Fransızca'deki bouger kelimesinin anlamı nedir? Makale, tam anlamını, telaffuzunu ve iki dilli örneklerle birlikte bouger'ün Fransızca'te nasıl kullanılacağına ilişkin talimatları açıklamaktadır.

Fransızca içindeki bouger kelimesi hareket etmek, hareket ettirmek, yürütmek, taşımak, hareketli, faal, hareket halinde, gitmek, hareket etmek, hareket etmek, kımıldamak, dolaşmak, hareket ettirmek, kımıldatmak, (hafifçe) hareket etmek, kımıldamak, kıpırdamak, çok gezmek, seyahat etmek, sallanma, hareket etmek, harekete geçmek, el işareti yapmak, sallanmak, seğirtmek, yerini değiştirmek, canlı olmak, ilerlemek, fark yaratmak, rahat durmamak/oturmamak, durmadan kıpırdanmak, mücadele vermek, canlandırmak, yerinde duramayan, taşınmayacak olan, yerinde kalmak, hareketsiz kalmak, kımıldamamak, kıpırdamamak, hizaya gelmek, başarılı/iş bitirici kimse, yerinde kalmak, yerinde kalmak, keyfini yaşamak anlamına gelir. Daha fazla bilgi için lütfen aşağıdaki ayrıntılara bakın.

telaffuz dinle

bouger kelimesinin anlamı

hareket etmek

(geçişsiz fiil: Fiil bir nesne olmadan gerçekleşiyor ve sadece öznenin üstünde kalıyorsa bu geçişsiz fiildir (örnek: "çocuk konuşuyor").)
Si tu arrêtes de bouger, la guêpe te laissera tranquille.

hareket ettirmek, yürütmek

verbe transitif (Jeu : un pion,...) (oyunda taşı, vb.)

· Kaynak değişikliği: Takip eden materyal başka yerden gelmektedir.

lemma weight_early_small_item:
  assumes "0 < x" "x < 1/12"
  shows "0 \<le> paper.weight_early x" "paper.weight_early x \<le> 13/24 * x"
    and "x < 1/42 \<Longrightarrow> paper.weight_early x \<le> 43/84 * x"
proof -
  have x1: "x < 1" using assms by simp
  have "0 \<le> paper.weight_early x \<and> paper.weight_early x \<le> 13/24 * x
    \<and> (x < 1/42 \<longrightarrow> paper.weight_early x \<le> 43/84 * x)"
  proof (cases "item_class x = 100")
    case True
    then show ?thesis using assms by (simp add: paper.weight_early_def)
  next
    case False
    define i where "i = item_class x"
    have "i \<le> 99" using False item_class_bounds(2)[OF assms(1) x1] unfolding i_def by simp
    then have lo: "1 / real (i + 1) \<le> x" using item_class_bounds(4)[OF assms(1) x1] unfolding i_def by simp
    then have "1 / real (i + 1) < 1/12" using assms by linarith
    then have "12 \<le> i" by (simp add: field_simps)
    then have w: "paper.weight_early x = 1 / (2 * real i)"
      using False \<open>i \<le> 99\<close> class_weights_paper_large unfolding paper.weight_early_def i_def by simp
    have "1 / (2 * real i) \<le> 13/24 * (1 / real (i + 1))" using \<open>12 \<le> i\<close> by (simp add: field_simps)
    also have "\<dots> \<le> 13/24 * x" using lo by (intro mult_left_mono) auto
    finally have "paper.weight_early x \<le> 13/24 * x" using w by simp
    moreover have "paper.weight_early x \<le> 43/84 * x" if "x < 1/42"
    proof -
      have "1 / real (i + 1) < 1/42" using lo that by linarith
      then have "42 < real i + 1" by (simp add: field_simps)
      then have "1 / (2 * real i) \<le> 43/84 * (1 / real (i + 1))" by (simp add: field_simps)
      also have "\<dots> \<le> 43/84 * x" using lo by (intro mult_left_mono) auto
      finally show ?thesis using w by simp
    qed
    ultimately show ?thesis using w by simp
  qed
  then show "0 \<le> paper.weight_early x" "paper.weight_early x \<le> 13/24 * x"
    "x < 1/42 \<Longrightarrow> paper.weight_early x \<le> 43/84 * x" by auto
qed
(* Let $F$ be a finite extension of $\mathbb{Q}_p$ and $\pi=\pi(\chi_1,\chi_2)$ a tamely ramified irreducible admissible infinite-dimensional representation of $\mathrm{GL}_2(F)$ (with $\chi_1=|\cdot|\chi_2$ if $\pi$ is special), $\alpha_i=\chi_i(\varpi)\sqrt q$, $\nu=\alpha_1\alpha_2/q$. Let $\chi:F^*\to\mathbb{C}^*$ be a quasi-character with conductor $\mathfrak{p}^f$, and if $f=0$ assume $|\chi(\varpi)|<|\alpha_2|$. Then the integral $\int_{F^*}\chi(x)\mu_{\alpha_1/\nu}(dx)$ converges and \[\int_{F^*}\chi(x)\mu_{\alpha_1/\nu}(dx)=e(\alpha_1,\alpha_2,\chi)\,\tau(\chi)\,L(\tfrac12,\pi\otimes\chi),\] where $e(\alpha_1,\alpha_2,\chi)=\dfrac{(1-\alpha_1\chi(\varpi)q^{-1})(1-\alpha_2\chi(\varpi)^{-1}q^{-1})(1-\alpha_2\chi(\varpi)q^{-1})}{1-\chi(\varpi)\alpha_2^{-1}}$ if $f=0$ and $\pi$ is spherical; $e=\dfrac{(1-\alpha_1\chi(\varpi)q^{-1})(1-\alpha_2\chi(\varpi)^{-1}q^{-1})}{1-\chi(\varpi)\alpha_2^{-1}}$ if $f=0$ and $\pi$ is special; and $e=(\alpha_1/\nu)^{-f}=(\alpha_2/q)^f$ if $f>0$; the right-hand side being continuously extended across the potential removable singularities at $\chi(\varpi)=q/\alpha_1$ or $q/\alpha_2$.
   Context: $\mathcal{O}_F$ is the ring of integers, $\varpi$ a uniformizer, $\mathfrak{p}=(\varpi)$, $q=\#\mathcal{O}_F/\mathfrak{p}$, $U=\mathcal{O}_F^\times$, $U^{(n)}=1+\mathfrak{p}^n$, $U^{(0)}=U$; $|\varpi|=q^{-1}$. $\psi:F\to\bar{\mathbb{Q}}^*$ is a fixed additive character with $\mathcal{O}_F\subseteq\ker\psi$ and $\mathfrak{p}^{-1}\not\subseteq\ker\psi$. $dx$ is the Haar measure on $F$ with $\int_{\mathcal{O}_F}dx=1$, $d^\times x=\frac{q}{q-1}\frac{dx}{|x|}$. The conductor of $\chi$ is the largest $\mathfrak{p}^n$ with $U^{(n)}\subseteq\ker\chi$. Gauss sum: $\tau(\chi)=[U:U^{(f)}]\int_{\varpi^{-f}U}\psi(x)\chi(x)d^\times x$. For $\beta\in\mathbb{C}^*$, $\chi_\beta(x)=\beta^{\operatorname{ord}(x)}$, and $\mu_{\alpha_1/\nu}$ is the distribution $\psi(x)\chi_{\alpha_1/\nu}(x)dx$ on $F^*$. For locally constant $g$ on $F^*$, $\int_{F^*}g\,dx:=\lim_{n\to\infty}\int_{-n\le\operatorname{ord}x\le n}g\,dx$. Tamely ramified means the conductor of $\pi$ divides $\mathfrak{p}$; then $\chi_1,\chi_2$ are unramified; $\pi$ is special if $\chi_1\chi_2^{-1}=|\cdot|^{\pm1}$ and spherical otherwise. $L(s,\pi\otimes\chi)$ is the standard local L-factor. *)

theory Defs
  imports "HOL-Analysis.Analysis"
begin
lemma line_max_ge_start:
  assumes "w \<noteq> 0" and "is_line_max A B w x t"
  shows "f w \<le> f (w + t *\<^sub>R x)"
  using assms unfolding is_line_max_def by (metis add_0_right scale_zero_left)

lemma line_max_ge_direction:
  assumes x: "x \<noteq> 0" and max: "is_line_max A B w x t"
  shows "f x \<le> f (w + t *\<^sub>R x)"
proof (rule tendsto_upperbound)
  have lim: "((\<lambda>s. x + inverse s *\<^sub>R w) \<longlongrightarrow> x) at_top"
    using tendsto_add[OF tendsto_const tendsto_scaleR[OF tendsto_inverse_0_at_top[OF filterlim_ident]
        tendsto_const]] by simp
  then show "((\<lambda>s. f (x + inverse s *\<^sub>R w)) \<longlongrightarrow> f x) at_top"
    using isCont_tendsto_compose[OF isCont_rq[OF x]] by blast
  have "\<forall>\<^sub>F s in at_top. 0 < s \<and> x + inverse s *\<^sub>R w \<noteq> 0"
    using eventually_gt_at_top tendsto_imp_eventually_ne[OF lim x] by (rule eventually_conj)
  then show "\<forall>\<^sub>F s in at_top. f (x + inverse s *\<^sub>R w) \<le> f (w + t *\<^sub>R x)"
  proof (rule eventually_mono, clarify)
    fix s :: real
    assume "0 < s" and nonzero: "x + inverse s *\<^sub>R w \<noteq> 0"
    then have eq: "x + inverse s *\<^sub>R w = inverse s *\<^sub>R (w + s *\<^sub>R x)"
      by (simp add: scaleR_add_right add.commute)
    then have "w + s *\<^sub>R x \<noteq> 0"
      using nonzero by auto
    then show "f (x + inverse s *\<^sub>R w) \<le> f (w + t *\<^sub>R x)"
      using max \<open>0 < s\<close> by (simp add: eq rq_scaleR is_line_max_def)
  qed
qed simp
text \<open>The join exists because its Lorenz curve \<open>topk N (join N A)\<close> can be constructed as the
  pointwise least Lorenz majorant of \<open>A\<close>; the join itself is then the sequence of increments
  of that curve.\<close>

definition lorenz_majorant :: "nat \<Rightarrow> (nat \<Rightarrow> real) set \<Rightarrow> (nat \<Rightarrow> real) \<Rightarrow> bool" where
  "lorenz_majorant N A G \<longleftrightarrow>
     (\<forall>k. k + 2 \<le> N \<longrightarrow> G k + G (k + 2) \<le> 2 * G (Suc k)) \<and> (\<forall>k<N. G k \<le> G (Suc k)) \<and>
     (\<forall>k\<le>N. 0 \<le> G k) \<and> 1 \<le> G N \<and> (\<forall>a\<in>A. \<forall>k\<le>N. topk N a k \<le> G k)"

definition lorenz_envelope :: "nat \<Rightarrow> (nat \<Rightarrow> real) set \<Rightarrow> nat \<Rightarrow> real" where
  "lorenz_envelope N A k = (INF G \<in> Collect (lorenz_majorant N A). G k)"

lemma lorenz_majorant_step:
  assumes "1 \<le> N" "A \<subseteq> Prob N"
  shows "lorenz_majorant N A (\<lambda>k. if k = 0 then 0 else 1)"
proof -
  have "topk N a k \<le> (if k = 0 then 0 else 1)" if "a \<in> A" "k \<le> N" for a k
    using that assms topk_le_sum[of N a k] by (auto simp: Prob_nonneg Prob_sum)
  then show ?thesis using assms(1) unfolding lorenz_majorant_def by auto
qed

lemma lorenz_majorant_topk:
  assumes "p \<in> Prob N" "\<forall>a\<in>A. majorizes N p a"
  shows "lorenz_majorant N A (topk N p)"
proof -
  have nonneg: "\<And>i. i < N \<Longrightarrow> 0 \<le> p i" using assms(1) by (rule Prob_nonneg)
  have "topk N a k \<le> topk N p k" if "a \<in> A" "k \<le> N" for a k
    using assms(2) that by (simp add: majorizes_def)
  then show ?thesis
    using topk_concave[of _ N p] topk_le_topk_Suc[OF nonneg] topk_nonneg[OF nonneg]
      Prob_sum[OF assms(1)]
    unfolding lorenz_majorant_def by (simp add: topk_full)
qed

lemma lorenz_envelope_le:
  assumes "lorenz_majorant N A G" "k \<le> N"
  shows "lorenz_envelope N A k \<le> G k"
  unfolding lorenz_envelope_def
proof (rule cINF_lower)
  show "bdd_below ((\<lambda>G. G k) ` Collect (lorenz_majorant N A))"
    using assms(2) by (intro bdd_belowI[of _ 0]) (auto simp: lorenz_majorant_def)
qed (use assms(1) in simp)

lemma le_lorenz_envelope:
  assumes "lorenz_majorant N A G0" "\<And>G. lorenz_majorant N A G \<Longrightarrow> c \<le> G k"
  shows "c \<le> lorenz_envelope N A k"
  unfolding lorenz_envelope_def using assms by (intro cINF_greatest) auto

text \<open>Every defining condition of a Lorenz majorant is preserved under pointwise infima.\<close>

lemma lorenz_majorant_envelope:
  assumes "1 \<le> N" "A \<subseteq> Prob N"
  shows "lorenz_majorant N A (lorenz_envelope N A)"
proof -
  let ?F = "lorenz_envelope N A"
  note step = lorenz_majorant_step[OF assms]
  have "?F k + ?F (k + 2) \<le> 2 * ?F (Suc k)" if "k + 2 \<le> N" for k
  proof -
    have "(?F k + ?F (k + 2)) / 2 \<le> ?F (Suc k)"
    proof (rule le_lorenz_envelope[OF step])
      fix G assume G: "lorenz_majorant N A G"
      then have "?F k + ?F (k + 2) \<le> G k + G (k + 2)"
        using lorenz_envelope_le[OF G] that by (simp add: add_mono)
      also have "\<dots> \<le> 2 * G (Suc k)" using G that by (simp add: lorenz_majorant_def)
      finally show "(?F k + ?F (k + 2)) / 2 \<le> G (Suc k)" by simp
    qed
    then show ?thesis by simp
  qed
  moreover have "?F k \<le> ?F (Suc k)" if "k < N" for k
  proof (rule le_lorenz_envelope[OF step])
    fix G assume G: "lorenz_majorant N A G"
    have "?F k \<le> G k" using lorenz_envelope_le[OF G] that by simp
    also have "\<dots> \<le> G (Suc k)" using G that by (simp add: lorenz_majorant_def)
    finally show "?F k \<le> G (Suc k)" .
  qed
  moreover have "0 \<le> ?F k" if "k \<le> N" for k
    using that by (intro le_lorenz_envelope[OF step]) (simp add: lorenz_majorant_def)
  moreover have "1 \<le> ?F N"
    by (intro le_lorenz_envelope[OF step]) (simp add: lorenz_majorant_def)
  moreover have "topk N a k \<le> ?F k" if "a \<in> A" "k \<le> N" for a k
    using that by (intro le_lorenz_envelope[OF step]) (simp add: lorenz_majorant_def)
  ultimately show ?thesis unfolding lorenz_majorant_def by blast
qed

lemma lorenz_envelope_0:
  assumes "1 \<le> N" "A \<subseteq> Prob N"
  shows "lorenz_envelope N A 0 = 0"
proof (rule order_antisym)
  show "lorenz_envelope N A 0 \<le> 0"
    using lorenz_envelope_le[OF lorenz_majorant_step[OF assms], of 0] by simp
  show "0 \<le> lorenz_envelope N A 0"
    using lorenz_majorant_envelope[OF assms] by (simp add: lorenz_majorant_def)
qed

definition increments :: "nat \<Rightarrow> (nat \<Rightarrow> real) \<Rightarrow> nat \<Rightarrow> real" where
  "increments N G i = (if i < N then G (Suc i) - G i else 0)"

lemma sum_increments: "k \<le> N \<Longrightarrow> sum (increments N G) {..<k} = G k - G 0"
  by (simp add: increments_def sum_lessThan_telescope)

lemma antimono_increments:
  assumes "\<forall>k. k + 2 \<le> N \<longrightarrow> G k + G (k + 2) \<le> 2 * G (Suc k)"
  shows "antimono_on {..<N} (increments N G)"
proof -
  have "increments N G j \<le> increments N G i" if "i \<le> j" "j < N" for i j
    using that
  proof (induction j rule: dec_induct)
    case (step j)
    then have "increments N G (Suc j) \<le> increments N G j"
      using assms[rule_format, of j] by (simp add: increments_def)
    with step show ?case by simp
  qed simp
  then show ?thesis by (intro monotone_onI) auto
qed

lemma is_join_increments_envelope:
  assumes "1 \<le> N" "A \<subseteq> Prob N"
  shows "is_join N A (increments N (lorenz_envelope N A))"
proof -
  let ?F = "lorenz_envelope N A" and ?q = "increments N (lorenz_envelope N A)"
  have F: "lorenz_majorant N A ?F" by (rule lorenz_majorant_envelope[OF assms])
  have dec: "antimono_on {..<N} ?q"
    using F by (intro antimono_increments) (simp add: lorenz_majorant_def)
  have sums: "sum ?q {..<k} = ?F k" if "k \<le> N" for k
    using sum_increments[OF that] lorenz_envelope_0[OF assms] by simp
  have topk_q: "topk N ?q k = ?F k" if "k \<le> N" for k
    using topk_eq_sum_lessThan[OF dec that] sums[OF that] by simp
  have "?F N = 1"
    using lorenz_envelope_le[OF lorenz_majorant_step[OF assms], of N] F assms(1)
    by (simp add: lorenz_majorant_def)
  moreover have "0 \<le> ?q i" for i
    using F by (simp add: increments_def lorenz_majorant_def)
  ultimately have "?q \<in> Prob_dec N"
    using dec sums[of N] by (simp add: Prob_dec_iff Prob_def)
  moreover have "majorizes N ?q a" if "a \<in> A" for a
    using that F topk_q by (simp add: majorizes_def lorenz_majorant_def)
  moreover have "majorizes N p ?q" if "p \<in> Prob N" "\<forall>a\<in>A. majorizes N p a" for p
    using lorenz_envelope_le[OF lorenz_majorant_topk[OF that]] topk_q
    by (simp add: majorizes_def)
  ultimately show ?thesis by (simp add: is_join_def increments_def)
qed

lemma is_join_join:
  assumes "1 \<le> N" "A \<subseteq> Prob N"
  shows "is_join N A (join N A)"
proof -
  note q = is_join_increments_envelope[OF assms]
  have "join N A = (THE q. is_join N A q)"
    by (simp add: join_def is_join_def)
  then show ?thesis
    using theI[of "is_join N A", OF q is_join_unique[OF _ q]] by simp
qed

lemma xlnx_tangent:
  fixes x y :: real
  assumes "0 \<le> x" "0 < y"
  shows "(ln y + 1) * (x - y) \<le> x * ln x - y * ln y"
proof (cases "x = 0")
  case True
  then show ?thesis using assms by (simp add: algebra_simps)
next
  case False
  with assms have x: "0 < x" by simp
  have "ln y - ln x \<le> y / x - 1"
    using ln_le_minus_one[of "y / x"] x assms by (simp add: ln_div)
  then have "x * (ln y - ln x) \<le> x * (y / x - 1)"
    using x by (intro mult_left_mono) auto
  then show ?thesis using x by (simp add: algebra_simps)
qed

lemma summation_by_parts_lower_bound:
  fixes c d :: "nat \<Rightarrow> real"
  assumes "antimono_on {..<r} c" "\<And>k. k \<le> r \<Longrightarrow> 0 \<le> sum d {..<k}" "t < r"
  shows "c t * sum d {..<Suc t} \<le> (\<Sum>i<Suc t. c i * d i)"
  using assms(3)
proof (induction t)
  case (Suc t)
  have "c (Suc t) \<le> c t" using Suc.prems by (intro monotone_onD[OF assms(1)]) auto
  moreover have "0 \<le> sum d {..<Suc t}" using Suc.prems by (intro assms(2)) simp
  ultimately have "c (Suc t) * sum d {..<Suc t} \<le> c t * sum d {..<Suc t}"
    by (rule mult_right_mono)
  with Suc.IH Suc.prems show ?case by (simp add: algebra_simps)
qed simp

lemma antimono_support_prefix:
  fixes R :: "nat \<Rightarrow> real"
  assumes dec: "antimono_on {..<N} R" and nonneg: "\<And>i. i < N \<Longrightarrow> 0 \<le> R i"
  obtains r where "r \<le> N" "\<And>i. i < r \<Longrightarrow> 0 < R i" "\<And>i. r \<le> i \<Longrightarrow> i < N \<Longrightarrow> R i = 0"
proof -
  define r where "r = (LEAST i. i < N \<longrightarrow> R i = 0)"
  have "r \<le> N" unfolding r_def by (rule Least_le) simp
  moreover have "0 < R i" if "i < r" for i
    using not_less_Least[OF that[unfolded r_def]] nonneg[of i] by auto
  moreover have "R i = 0" if "r \<le> i" "i < N" for i
  proof -
    have "R r = 0" using LeastI[of "\<lambda>i. i < N \<longrightarrow> R i = 0" N] that by (simp add: r_def)
    moreover have "R i \<le> R r" using that by (intro monotone_onD[OF dec]) auto
    ultimately show ?thesis using nonneg[OF that(2)] by simp
  qed
  ultimately show thesis by (rule that)
qed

(geçişli fiil: Fiillin belirttiği hareket ya da olay nesne üzerinde gerçekleşiyorsa yani bir nesneyi etkiliyorsa bu geçişli fiildir (örnek: "çocuk yemeğini yedi").)
Il a avancé son pion de quatre cases.

taşımak

(geçişli fiil: Fiillin belirttiği hareket ya da olay nesne üzerinde gerçekleşiyorsa yani bir nesneyi etkiliyorsa bu geçişli fiildir (örnek: "çocuk yemeğini yedi").)
J'ai déplacé la voiture plus près de la maison.
ⓘCette phrase n'est pas une traduction de la phrase originale. Televizyonu yatak odamıza taşıdık.

hareketli

(familier)

(sıfat: Varlıkların ve kavramların (isimlerin) niteliklerini, sayılarını, ölçülerini belirtir.)
Après avoir braqué la banque, il n'a pas arrêté de bouger pour fuir les autorités.

faal, hareket halinde

(sıfat: Varlıkların ve kavramların (isimlerin) niteliklerini, sayılarını, ölçülerini belirtir.)
Mes enfants ne s'assoient jamais ! Ils bougent tout le temps.

gitmek

verbe intransitif (familier : partir)

(fiil: Varlıkların ve kavramların (isimlerin) yapmış oldukları hareketleri, içinde bulundukları durumları, etkilendikleri işleri ifade eder.)
Il en avait assez de cette ville alors il a décidé de bouger.

hareket etmek

verbe intransitif

(fiil: Varlıkların ve kavramların (isimlerin) yapmış oldukları hareketleri, içinde bulundukları durumları, etkilendikleri işleri ifade eder.)
Le docteur a dit que je devais bouger pour maintenir mon poids. // Il bouge sans cesse, il ne tient pas longtemps en place.

hareket etmek, kımıldamak

(geçişsiz fiil: Fiil bir nesne olmadan gerçekleşiyor ve sadece öznenin üstünde kalıyorsa bu geçişsiz fiildir (örnek: "çocuk konuşuyor").)
Le bébé n'a pas bougé de toute la nuit.

dolaşmak

(familier)

(fiil: Varlıkların ve kavramların (isimlerin) yapmış oldukları hareketleri, içinde bulundukları durumları, etkilendikleri işleri ifade eder.)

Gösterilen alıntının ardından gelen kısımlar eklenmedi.